Distinguishing Smoking-Related Lung Disease Phenotypes Via Imaging and Molecular Features

Ehab Billatos, Samuel Y Ash, Fenghai Duan, Ke Xu, Justin Romanoff, Helga Marques, Elizabeth Moses, MeiLan K Han, Elizabeth A Regan, Russell P Bowler, Stefanie E Mason, Tracy J Doyle, Rubén San José Estépar, Ivan O Rosas, James C Ross, Xiaohui Xiao, Hanqiao Liu, Gang Liu, Gauthaman Sukumar, Matthew Wilkerson, Clifton Dalgard, Christopher Stevenson, Duncan Whitney, Denise Aberle, Avrum Spira, Raúl San José Estépar, Marc E Lenburg, George R Washko, DECAMP and COPDGene Investigators, Ehab Billatos, Samuel Y Ash, Fenghai Duan, Ke Xu, Justin Romanoff, Helga Marques, Elizabeth Moses, MeiLan K Han, Elizabeth A Regan, Russell P Bowler, Stefanie E Mason, Tracy J Doyle, Rubén San José Estépar, Ivan O Rosas, James C Ross, Xiaohui Xiao, Hanqiao Liu, Gang Liu, Gauthaman Sukumar, Matthew Wilkerson, Clifton Dalgard, Christopher Stevenson, Duncan Whitney, Denise Aberle, Avrum Spira, Raúl San José Estépar, Marc E Lenburg, George R Washko, DECAMP and COPDGene Investigators

Abstract

Background: Chronic tobacco smoke exposure results in a broad range of lung pathologies including emphysema, airway disease and parenchymal fibrosis as well as a multitude of extra-pulmonary comorbidities. Prior work using CT imaging has identified several clinically relevant subgroups of smoking related lung disease, but these investigations have generally lacked organ specific molecular correlates.

Research question: Can CT imaging be used to identify clinical phenotypes of smoking related lung disease that have specific bronchial epithelial gene expression patterns to better understand disease pathogenesis?

Study design and methods: Using K-means clustering, we clustered participants from the COPDGene study (n = 5,273) based on CT imaging characteristics and then evaluated their clinical phenotypes. These clusters were replicated in the Detection of Early Lung Cancer Among Military Personnel (DECAMP) cohort (n = 360), and were further characterized using bronchial epithelial gene expression.
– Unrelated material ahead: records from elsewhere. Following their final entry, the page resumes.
(* Assume (H0), (H1), (H2) with $\partial\Omega$ unbounded, fix $x_0\in\partial\Omega$, and let $f\in L^{p'}(\partial\Omega,\nu)\cap L^{p'}(\partial\Omega,\nu_J)$ with $\int_{\partial\Omega}f\,d\nu=0$. For $k\in\mathbb N$ set $f_k=f\chi_{B_k}-\frac{1}{\nu(B_0)}\Big[\int_{B_k}f\,d\nu\Big]\chi_{B_0}$ (on $\partial\Omega$). Then for every $h\in HB^\theta_{p,p}(\partial\Omega)$, $\sup_{k\in\mathbb N}\big|\int_{\partial\Omega}f_k\,h\,d\nu\big|<\infty$.
   Context: Setting. Fix $1<p<\infty$, $p'=p/(p-1)$. $(X,d,\mu)$ complete metric measure space, $\Omega\subset X$ a domain, $\partial\Omega=\overline\Omega\setminus\Omega$, $d_\Omega(x)=d(x,\partial\Omega)$. Standing hypotheses: (H0) $\Omega$ is uniform: there is $C_U\ge1$ such that any $x,y\in\Omega$ are joined by a rectifiable curve $\gamma$ in $\Omega$ with $\ell(\gamma)\le C_Ud(x,y)$ and $\min\{\ell(\gamma_{x,z}),\ell(\gamma_{z,y})\}\le C_Ud_\Omega(z)$ for all $z$ on $\gamma$. (H1) $\mu|_{\overline\Omega}$ is doubling and $(\overline\Omega,d,\mu)$ supports a $p$-Poincaré inequality. (H2) $\partial\Omega$ is complete, uniformly perfect, doubling, with a Radon measure $\nu$ and constants $C\ge1$, $0<\Theta<p$ such that $C^{-1}\mu(B(x,r)\cap\Omega)r^{-\Theta}\le\nu(B(x,r))\le C\mu(B(x,r)\cap\Omega)r^{-\Theta}$ for $x\in\partial\Omega$, $0<r<2\operatorname{diam}\partial\Omega$. $\theta=1-\Theta/p$. $B_0=\{x\in\overline\Omega:d(x,x_0)<1\}$, $B_k=\{x\in\overline\Omega:d(x,x_0)<2^k\}$. $J(x,x_0)=d(x,x_0)^{p'\theta}\nu(B(x_0,d(x_0,x)))^{p'/p}$, $d\nu_J=J(\cdot,x_0)d\nu$. $HB^\theta_{p,p}(\partial\Omega)$: measurable $h$ on $\partial\Omega$ with $\iint\frac{|h(x)-h(y)|^p}{d(x,y)^{\theta p}\nu(B(x,d(x,y)))}d\nu(y)d\nu(x)<\infty$. *)

theory Defs
  imports "HOL-Analysis.Analysis"
begin

definition curve_length :: "(real \<Rightarrow> 'a::metric_space) \<Rightarrow> real \<Rightarrow> real \<Rightarrow> ereal" where
  "curve_length \<gamma> a b =
     (SUP ts \<in> {ts::real list. ts \<noteq> [] \<and> sorted ts \<and> hd ts = a \<and> last ts = b \<and> set ts \<subseteq> {a..b}}.
        ereal (\<Sum>i<length ts - 1. dist (\<gamma> (ts ! i)) (\<gamma> (ts ! Suc i))))"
Results: Three clusters (preserved, interstitial predominant and emphysema predominant) were identified. Compared to the preserved cluster, the interstitial and emphysema clusters had worse lung function, exercise capacity and quality of life. In longitudinal follow-up, individuals from the emphysema group had greater declines in exercise capacity and lung function, more emphysema, more exacerbations, and higher mortality. Similarly, genes involved in inflammatory pathways (tumor necrosis factor-α, interferon-β) are more highly expressed in bronchial epithelial cells from individuals in the emphysema cluster, while genes associated with T-cell related biology are decreased in these samples. Samples from individuals in the interstitial cluster generally had intermediate levels of expression of these genes.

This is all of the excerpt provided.